Прежде чем последовать за ним, я смотрю на планшет, на изображение на экране. В груди покалывает, когда я осознаю, что вижу.

Прошлой ночью лежа в кровати мне удалось просмотреть большую часть материалов дела. В отчетах тело жертвы описывается с ужасающими подробностями, но в действительности увидеть раны – совсем другое дело; это вызывает инстинктивную реакцию.

Сдержанно вдохнув, я увеличиваю изображение рваной раны, растянувшейся по всей грудной клетке. Несмотря на раздутую от воды кожу и бледность, я могу представить, как выглядела бы рана – как бы ощущалась – после исцеления, если бы жертва пережила нападение.

Это не то же самое место и размер... но при виде травмы у меня кружится голова, словно я перебрала с алкоголем. Ошарашенная, я опускаю планшет.

– Черт возьми, – воздух врывается в легкие, и я сглатываю комок в горле. Я спотыкаюсь о кочку, ноги дрожат. – Рис… – Он меня не слышит. – Агент Нолан!

Это заставляет его остановиться. Он оглядывается на меня, его пиджак распахивается от ветерка. Он вопросительно сводит брови.

Подойдя к нему, я поднимаю планшет.

– Ты это видел?

Он упирает руки в бедра, еще сильнее распахивая пиджак.

– О чем ты говоришь, Хейл?

– Это… – я указываю на фото жертвы. – В отчете судмедэксперта не корректно описали рану. Ты знал об этом? Видел фото? – Обвинение в моем голосе поражает даже меня. Я глубоко вздыхаю. – Я что, схожу с ума?

Он хмурится еще сильнее, прищуриваясь из-за полуденного солнца. Затем смотрит мне в глаза.

– Ты не сходишь с ума.

Я моментально чувствую облегчение.

– Но, – продолжает он, – я спрашивал, готова ли ты взяться за это дело. – В его тоне слышится обвинение.

Я убираю планшет.

– Это не…

– Я прочитал отчет. Изучил фото. Я спросил тебя, – подчеркивает он.

– Подожди. Дело не в моей реакции. Не надо меня анализировать. Здесь есть явное сходство, – теперь, произнеся эти слова, я уже не могу вернуть их назад.

Он напряженно молчит, и я смотрю мимо него, на рябь, покрывающую озеро.

Возьми слова обратно.

Но я не могу. Забытая боль снова оживает.

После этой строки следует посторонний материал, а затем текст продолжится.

(* Consider the following optical-network model. Each link $k$ has a set $A_k\subseteq\mathbb{Z}$ of available units. Each trait $t$ has a resource $\mathrm{RI}(t)$, a nonempty integer interval, and for each link $k$ the set $t\oplus k$ of derived traits satisfies: every $t'\in t\oplus k$ has $\mathrm{RI}(t')$ a maximal integer interval contained in $\mathrm{RI}(t)\cap A_k$, and for every maximal integer interval $J\subseteq \mathrm{RI}(t)\cap A_k$ there is $t'\in t\oplus k$ with $\mathrm{RI}(t')=J$. Fix a link $k$ leaving a node $n$, and for a label $l=(t_1,t_2)$ whose both routes end at $n$ let $l\oplus e=\{(t,t_2): t\in t_1\oplus k\}\cup\{(t,t_1): t\in t_2\oplus k\}$ (the link may be appended to either route; afterwards the routes end at different nodes). Let $\mathrm{cost}$ be a real-valued function on labels such that for any labels $l_i,l_j$: if $\mathrm{cost}(l_i)\le\mathrm{cost}(l_j)$ then $\mathrm{cost}(l')\le\mathrm{cost}(l)$ for all $l'\in l_i\oplus e$ and all $l\in l_j\oplus e$. Let $l_i=(t_i,t'_i)$, $l_j=(t_j,t'_j)$ be labels whose routes all end at $n$. If $l_i\preceq'_{=} l_j$, then for every $l\in l_j\oplus e$ there exists $l'\in l_i\oplus e$ with $l'\preceq'_{\ne} l$.
   Context: A trait describes a route in an optical network with its cost and the interval of contiguous units available along it; a label is a pair of traits of two link-disjoint routes. For labels $l_i=(t_i,t'_i)$, $l_j=(t_j,t'_j)$ with both routes ending at the same node: $\mathrm{RI}(l_i)\supseteq_n\mathrm{RI}(l_j)$ iff $\mathrm{RI}(t_i)\supseteq\mathrm{RI}(t_j)$ and $\mathrm{RI}(t'_i)\supseteq\mathrm{RI}(t'_j)$; $\mathrm{RI}(l_i)\supseteq_x\mathrm{RI}(l_j)$ iff $\mathrm{RI}(t_i)\supseteq\mathrm{RI}(t'_j)$ and $\mathrm{RI}(t'_i)\supseteq\mathrm{RI}(t_j)$; $l_i\preceq'_= l_j$ iff $\mathrm{cost}(l_i)\le\mathrm{cost}(l_j)$ and ($\mathrm{RI}(l_i)\supseteq_n\mathrm{RI}(l_j)$ or $\mathrm{RI}(l_i)\supseteq_x\mathrm{RI}(l_j)$). For labels $(a,b),(c,d)$ with routes ending at different nodes: $(a,b)\preceq'_{\ne}(c,d)$ iff $\mathrm{cost}((a,b))\le\mathrm{cost}((c,d))$, $\mathrm{RI}(a)\supseteq\mathrm{RI}(c)$ and $\mathrm{RI}(b)\supseteq\mathrm{RI}(d)$. *)

theory Defs
  imports Complex_Main
begin

definition int_interval :: "int set \<Rightarrow> bool" where
  "int_interval S \<longleftrightarrow> (\<exists>a b. a \<le> b \<and> S = {a..b})"

definition max_int_interval :: "int set \<Rightarrow> int set \<Rightarrow> bool" where
  "max_int_interval J S \<longleftrightarrow> int_interval J \<and> J \<subseteq> S \<and>
     (\<forall>J'. int_interval J' \<and> J \<subseteq> J' \<and> J' \<subseteq> S \<longrightarrow> J' = J)"

definition label_ext :: "('t \<Rightarrow> 'k \<Rightarrow> 't set) \<Rightarrow> 'k \<Rightarrow> 't \<times> 't \<Rightarrow> ('t \<times> 't) set" where
  "label_ext ext k l = {(t, snd l) | t. t \<in> ext (fst l) k} \<union> {(t, fst l) | t. t \<in> ext (snd l) k}"

text \<open>Relation on labels whose routes all end at the same node.\<close>
definition prec_eq :: "('t \<Rightarrow> int set) \<Rightarrow> ('t \<times> 't \<Rightarrow> real) \<Rightarrow> 't \<times> 't \<Rightarrow> 't \<times> 't \<Rightarrow> bool" where
  "prec_eq RI cost li lj \<longleftrightarrow> cost li \<le> cost lj \<and>
     ((RI (fst lj) \<subseteq> RI (fst li) \<and> RI (snd lj) \<subseteq> RI (snd li)) \<or>
      (RI (snd lj) \<subseteq> RI (fst li) \<and> RI (fst lj) \<subseteq> RI (snd li)))"

text \<open>Relation on labels whose routes end at different nodes.\<close>
definition prec_ne :: "('t \<Rightarrow> int set) \<Rightarrow> ('t \<times> 't \<Rightarrow> real) \<Rightarrow> 't \<times> 't \<Rightarrow> 't \<times> 't \<Rightarrow> bool" where
  "prec_ne RI cost l1 l2 \<longleftrightarrow> cost l1 \<le> cost l2 \<and>
     RI (fst l2) \<subseteq> RI (fst l1) \<and> RI (snd l2) \<subseteq> RI (snd l1)"

end

theory Submission
  imports Defs
begin

text \<open>Each derived trait occupies a maximal block of free units inside its parent's interval.
  If a parent's interval contains another's, each block of the smaller one lies in some block of
  the larger one, so every extension of the dominated label is covered, on both routes, by an
  extension of the dominating label. In the crossed case of the dominance relation one swaps the
  routes of the dominating label, which does not change its set of extensions. The cost part is
  exactly the monotonicity assumption on the cost.\<close>

lemma max_int_interval_exists:
  assumes "finite S" "int_interval I" "I \<subseteq> S"
  obtains J where "max_int_interval J S" "I \<subseteq> J"
proof -
  let ?C = "{J. int_interval J \<and> J \<subseteq> S}"
  have "finite ?C"
    by (rule finite_subset[of _ "Pow S"]) (use assms(1) in auto)
  moreover have "I \<in> ?C"
    using assms(2,3) by simp
  ultimately obtain J where "J \<in> ?C" "I \<subseteq> J" "\<forall>J'\<in>?C. J \<subseteq> J' \<longrightarrow> J = J'"
    by (meson finite_has_maximal2)
  then show thesis
    by (intro that) (auto simp: max_int_interval_def)
qed

lemma label_ext_swap: "label_ext ext k (prod.swap l) = label_ext ext k l"
  by (auto simp: label_ext_def)

locale interval_extension =
  fixes A :: "'k \<Rightarrow> int set"
    and RI :: "'t \<Rightarrow> int set"
    and ext :: "'t \<Rightarrow> 'k \<Rightarrow> 't set"
  assumes RI_int: "\<And>t. int_interval (RI t)"
    and ext_max: "\<And>t k t'. t' \<in> ext t k \<Longrightarrow> max_int_interval (RI t') (RI t \<inter> A k)"
    and ext_all: "\<And>t k J. max_int_interval J (RI t \<inter> A k) \<Longrightarrow> \<exists>t'\<in>ext t k. RI t' = J"
begin

lemma finite_RI: "finite (RI t)"
  using RI_int[of t] by (auto simp: int_interval_def)

lemma ext_mono:
  assumes "RI t \<subseteq> RI s" "t' \<in> ext t k"
  obtains s' where "s' \<in> ext s k" "RI t' \<subseteq> RI s'"
proof -
  have "RI t' \<subseteq> RI s \<inter> A k"
    using ext_max[OF assms(2)] assms(1) by (auto simp: max_int_interval_def)
  moreover have "finite (RI s \<inter> A k)"
    using finite_RI by blast
  ultimately obtain J where "max_int_interval J (RI s \<inter> A k)" "RI t' \<subseteq> J"
    using max_int_interval_exists[OF _ RI_int] by blast
  then show thesis
    using ext_all that by blast
qed

lemma label_ext_mono:
  assumes "RI (fst lj) \<subseteq> RI (fst li)" "RI (snd lj) \<subseteq> RI (snd li)"
    and "l \<in> label_ext ext k lj"
  obtains l' where "l' \<in> label_ext ext k li"
    "RI (fst l) \<subseteq> RI (fst l')" "RI (snd l) \<subseteq> RI (snd l')"
proof -
  from \<open>l \<in> label_ext ext k lj\<close> consider
      t where "l = (t, snd lj)" "t \<in> ext (fst lj) k"
    | t where "l = (t, fst lj)" "t \<in> ext (snd lj) k"
    by (auto simp: label_ext_def)
  then show thesis
  proof cases
    case (1 t)
    then obtain s where s: "s \<in> ext (fst li) k" "RI t \<subseteq> RI s"
      using ext_mono[OF assms(1)] by blast
    show thesis
    proof (rule that)
      show "(s, snd li) \<in> label_ext ext k li"
        using s(1) by (auto simp: label_ext_def)
    qed (use 1(1) s(2) assms(2) in auto)
  next
    case (2 t)
    then obtain s where s: "s \<in> ext (snd li) k" "RI t \<subseteq> RI s"
      using ext_mono[OF assms(2)] by blast
    show thesis
    proof (rule that)
      show "(s, fst li) \<in> label_ext ext k li"
        using s(1) by (auto simp: label_ext_def)
    qed (use 2(1) s(2) assms(1) in auto)
  qed
qed

end

theorem proposition6:
  fixes A :: "'k \<Rightarrow> int set"
    and RI :: "'t \<Rightarrow> int set"
    and ext :: "'t \<Rightarrow> 'k \<Rightarrow> 't set"
    and cost :: "'t \<times> 't \<Rightarrow> real"
    and k :: 'k
    and li lj :: "'t \<times> 't"
  assumes RI_int: "\<And>t. int_interval (RI t)"
    and ext_max: "\<And>t k' t'. t' \<in> ext t k' \<Longrightarrow> max_int_interval (RI t') (RI t \<inter> A k')"
    and ext_all: "\<And>t k' J. max_int_interval J (RI t \<inter> A k') \<Longrightarrow> \<exists>t'\<in>ext t k'. RI t' = J"
    and cost_mono: "\<And>l1 l2. cost l1 \<le> cost l2 \<Longrightarrow>
        (\<forall>l'\<in>label_ext ext k l1. \<forall>l\<in>label_ext ext k l2. cost l' \<le> cost l)"
    and dom: "prec_eq RI cost li lj"
  shows "\<forall>l\<in>label_ext ext k lj. \<exists>l'\<in>label_ext ext k li. prec_ne RI cost l' l"
proof
  interpret interval_extension A RI ext
    using RI_int ext_max ext_all by unfold_locales
  fix l assume l: "l \<in> label_ext ext k lj"
  obtain li' where li': "label_ext ext k li' = label_ext ext k li"
    "RI (fst lj) \<subseteq> RI (fst li')" "RI (snd lj) \<subseteq> RI (snd li')"
  proof (cases "RI (fst lj) \<subseteq> RI (fst li) \<and> RI (snd lj) \<subseteq> RI (snd li)")
    case True
    then show thesis
      using that[of li] by blast
  next
    case False
    with dom show thesis
      by (intro that[of "prod.swap li"]) (auto simp: prec_eq_def label_ext_swap)
  qed
  obtain l' where l': "l' \<in> label_ext ext k li'"
    "RI (fst l) \<subseteq> RI (fst l')" "RI (snd l) \<subseteq> RI (snd l')"
    by (rule label_ext_mono[OF li'(2,3) l])
  have "cost li \<le> cost lj"
    using dom by (simp add: prec_eq_def)
  then have "cost l' \<le> cost l"
    using cost_mono l l'(1) unfolding li'(1) by blast
  then show "\<exists>l'\<in>label_ext ext k li. prec_ne RI cost l' l"
    using l' unfolding li'(1) prec_ne_def by blast
qed

end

Рис подходит ближе. К счастью, он не заставляет меня вдаваться в подробности. Ему это не нужно. Он уже видел такую реакцию раньше. У жертв.

– Хейл, посмотри на меня.

Я отрываю взгляд от озера, но мне трудно взглянуть в его понимающие глаза. Тем не менее, я заставляю себя сделать это, чтобы услышать горькую правду.

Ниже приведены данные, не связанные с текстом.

lemma length_skip_move:
  assumes "x \<noteq> y"
  shows "length (skip_move s x y k x) = length (s x) - card (skip_sel (length (s x)) k)"
    and "length (skip_move s x y k y) = length (s y) + card (skip_sel (length (s x)) k)"
proof -
  have "{i. i < length (s x) \<and> i \<in> skip_sel (length (s x)) k} = skip_sel (length (s x)) k"
    by (auto simp: skip_sel_def)
  moreover have "card {i. i < l \<and> i \<notin> S} = l - card {i. i < l \<and> i \<in> S}" for l and S :: "nat set"
    using card_below_Compl[of S l] by (simp add: conj_commute)
  ultimately show "length (skip_move s x y k x) = length (s x) - card (skip_sel (length (s x)) k)"
    "length (skip_move s x y k y) = length (s y) + card (skip_sel (length (s x)) k)"
    using assms by (simp_all add: length_nths)
qed

subsection \<open>The potential does not increase\<close>

lemma sum_squares_transfer_le:
  fixes X Y q \<mu> :: real
  assumes "0 \<le> q" "q \<le> X - Y"
  shows "(X - q - \<mu>)\<^sup>2 + (Y + q - \<mu>)\<^sup>2 \<le> (X - \<mu>)\<^sup>2 + (Y - \<mu>)\<^sup>2"
proof -
  have "(X - q - \<mu>)\<^sup>2 + (Y + q - \<mu>)\<^sup>2 = (X - \<mu>)\<^sup>2 + (Y - \<mu>)\<^sup>2 - 2 * (q * ((X - Y) - q))"
    by (simp add: power2_eq_square algebra_simps)
  moreover have "0 \<le> q * ((X - Y) - q)" using assms by simp
  ultimately show ?thesis by linarith
qed

lemma Phi_transfer_le:
  assumes "x < n" "y < n" "x \<noteq> y" "q + length (s y) \<le> length (s x)"
    "length (s' x) = length (s x) - q" "length (s' y) = length (s y) + q"
    "\<And>i. i \<noteq> x \<Longrightarrow> i \<noteq> y \<Longrightarrow> s' i = s i"
  shows "Phi n m s' \<le> Phi n m s"
proof -
  define g where "g t i = (real (length (t i)) - real m / real n)\<^sup>2" for t :: "'a config" and i
  have split: "Phi n m t = g t x + g t y + (\<Sum>i\<in>{..<n} - {x} - {y}. g t i)" for t
    using assms(1-3) unfolding Phi_def g_def
    by (simp add: sum.remove[of "{..<n}" x] sum.remove[of "{..<n} - {x}" y])
  have "(\<Sum>i\<in>{..<n} - {x} - {y}. g s' i) = (\<Sum>i\<in>{..<n} - {x} - {y}. g s i)"
    using assms(7) by (intro sum.cong) (auto simp: g_def)
  moreover have "g s' x + g s' y \<le> g s x + g s y"
    unfolding g_def assms(5,6) using assms(4) by (simp add: sum_squares_transfer_le)
  ultimately show ?thesis using split[of s] split[of s'] by linarith
qed

lemma Phi_step_le:
  assumes "p \<in> pairs n"
  shows "Phi n m (step s p) \<le> Phi n m s"
proof -
  obtain x y k where xy: "x < n" "y < n" "x \<noteq> y" "length (s y) \<le> length (s x)"
    "2 * k + length (s y) \<le> length (s x) + 1" and p: "step s p = skip_move s x y k"
    using step_cases[OF assms, of s] by metis
  have "card (skip_sel (length (s x)) k) + length (s y) \<le> length (s x)"
    using card_skip_sel_le[of "length (s x)" k] xy(4,5) by linarith
  then show ?thesis unfolding p
    by (rule Phi_transfer_le[OF xy(1-3) _ length_skip_move[OF xy(3)]]) simp
qed

subsection \<open>Height of a token after a step\<close>

lemma height_skip_move:
  fixes s :: "'tok config" and k :: nat
  assumes wf: "wf_config n s" and xy: "x < n" "y < n" "x \<noteq> y" and bx: "b \<in> set (s x)"
  defines "h \<equiv> height n s b" and "S \<equiv> skip_sel (length (s x)) k"
  shows "height n (skip_move s x y k) b =
    (if h \<in> S then length (s y) + card {j \<in> S. j < h} else h - card {j \<in> S. j < h})"
proof -
  have wf': "wf_config n (skip_move s x y k)" using wf_config_skip_move[OF wf xy] .
  have dx: "distinct (s x)" and disj: "set (s y) \<inter> set (s x) = {}"
    using wf xy unfolding wf_config_def by auto
  have h: "h = length (takeWhile (\<lambda>z. z \<noteq> b) (s x))"
    using node_of_eqI[OF wf xy(1) bx] unfolding h_def height_def by simp
  have hx: "h < length (s x)" unfolding h using bx by (rule length_takeWhile_neq_less)
  have xh: "s x ! h = b" unfolding h using bx nth_length_takeWhile hx h by fastforce
  show ?thesis
  proof (cases "h \<in> S")
    case True
    have "b \<in> set (skip_move s x y k y)" using hx xh True by (auto simp: set_nths S_def)
    then have "node_of n (skip_move s x y k) b = y" using node_of_eqI[OF wf' xy(2)] by simp
    moreover have "\<forall>z\<in>set (s y). z \<noteq> b" using disj bx by auto
    ultimately have "height n (skip_move s x y k) b
        = length (s y) + length (takeWhile (\<lambda>z. z \<noteq> b) (nths (s x) S))"
      unfolding height_def S_def by simp
    then show ?thesis using length_takeWhile_nths[OF dx hx xh True] True by simp
  next
    case False
    have "b \<in> set (skip_move s x y k x)" using hx xh False xy(3) by (auto simp: set_nths S_def)
    then have "node_of n (skip_move s x y k) b = x" using node_of_eqI[OF wf' xy(1)] by simp
    then have "height n (skip_move s x y k) b = length (takeWhile (\<lambda>z. z \<noteq> b) (nths (s x) (- S)))"
      unfolding height_def S_def using xy(3) by simp
    then show ?thesis using length_takeWhile_nths[OF dx hx xh] False card_below_Compl by simp
  qed
qed

text \<open>With d = a - 1 - h tokens above b on a stack of load a, the k moved tokens are those at
  distance 0, 2, ..., 2k - 2 below the top; so b moves iff d is even, and exactly
  k - (d div 2 + 1) of the moved tokens lie below b.\<close>

lemma height_skip_move_le:
  fixes s :: "'tok config"
  assumes wf: "wf_config n s" and xy: "x < n" "y < n" "x \<noteq> y" and bx: "b \<in> set (s x)"
    and k: "length (s x) \<le> length (s y) + 1 + 2 * k" "2 * k + length (s y) \<le> length (s x) + 1"
    and hb: "length (s y) < height n s b"
  shows "2 * height n (skip_move s x y k) b \<le> height n s b + length (s y) + 1"
proof -
  define a where "a = length (s x)"
  define h where "h = height n s b"
  define d where "d = a - 1 - h"
  have ha: "h < a" unfolding h_def a_def by (rule height_less_length[OF wf xy(1) bx])
  have below: "card {j \<in> skip_sel a k. j < h} = k - Suc (d div 2)"
    unfolding d_def using card_skip_sel_below[OF ha] k unfolding a_def by simp
  have dk: "d < 2 * k" unfolding d_def a_def h_def using k hb ha[unfolded a_def h_def] by linarith
  show ?thesis
  proof (cases "h \<in> skip_sel a k")
    case True
    then have "even d" using ha unfolding skip_sel_def d_def by auto
    then obtain e where "d = 2 * e" by blast
    then show ?thesis using True height_skip_move[OF wf xy bx, of k] below dk k ha
      unfolding a_def h_def d_def by simp
  next
    case False
    then have "odd d" using ha dk unfolding skip_sel_def d_def by auto
    then obtain e where "d = 2 * e + 1" using oddE by blast
    then show ?thesis using False height_skip_move[OF wf xy bx, of k] below dk k ha
      unfolding a_def h_def d_def by simp
  qed
qed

Линия его подбородка напряжена. По челюсти ходят желваки. Он сдерживается.

– Ты видишь сходство? – наконец спрашивает он.

Я качаю головой.

– Не знаю.

Я вспоминаю занятия по психологии. Один из признаков поздней шизофрении – видеть закономерности там, где их нет. Еще есть иллюзия частотности. Феномен Баадера-Майнхофа. Это также еще и признак стресса. Например, когда человек работает над делом, напоминающим нападение на него.

Самое простое и логичное объяснение. Стресс.

– Сфокусируйся на мне. Вот так, – говорит он, заставляя посмотреть на него. В его стальных глазах что-то вспыхивает, и он берет планшет. Увеличивает рану. – Что говорится в отчете судмедэксперта?

– Длина рваной раны – пятнадцать сантиметров, хотя, возможно и больше. В материалах дела не было фотографии с этого ракурса. Может, патологоанатом неправильно измерил...

– Между этим делом и твоим будет много общего, – говорит он. – Некоторые схожести, из-за которых ты почувствуешь себя неуютно. Никто тебя не осудит, если ты оставишь это дело. – Он сглатывает, и я смотрю, как двигается его кадык. – Я тебя не осужу.

В висках нарастает давление. Я чешу запястье.

– Я могу с этим справиться.

Он тяжело вздыхает.

– Нам надо было вместе изучить все материалы, прежде чем отправляться на место преступления.

– Все в порядке, Рис, – я закусываю губу, и его взгляд опускается ниже, отчего меня пронзает молния осознания. Мы слишком близко друг к другу.

Но, как всегда, он чувствует мою тревогу. Он отступает, давая мне пространство. Кивает один раз, как будто отвечает сам себе на какой-то невысказанный вопрос.

– Первое, что я сделал, – говорит затем Рис, – это выделил все сходства и различия. Я убедился. Случай похож, но это не наш парень. Если бы я хотя бы на секунду подумал, что ваши дела связаны...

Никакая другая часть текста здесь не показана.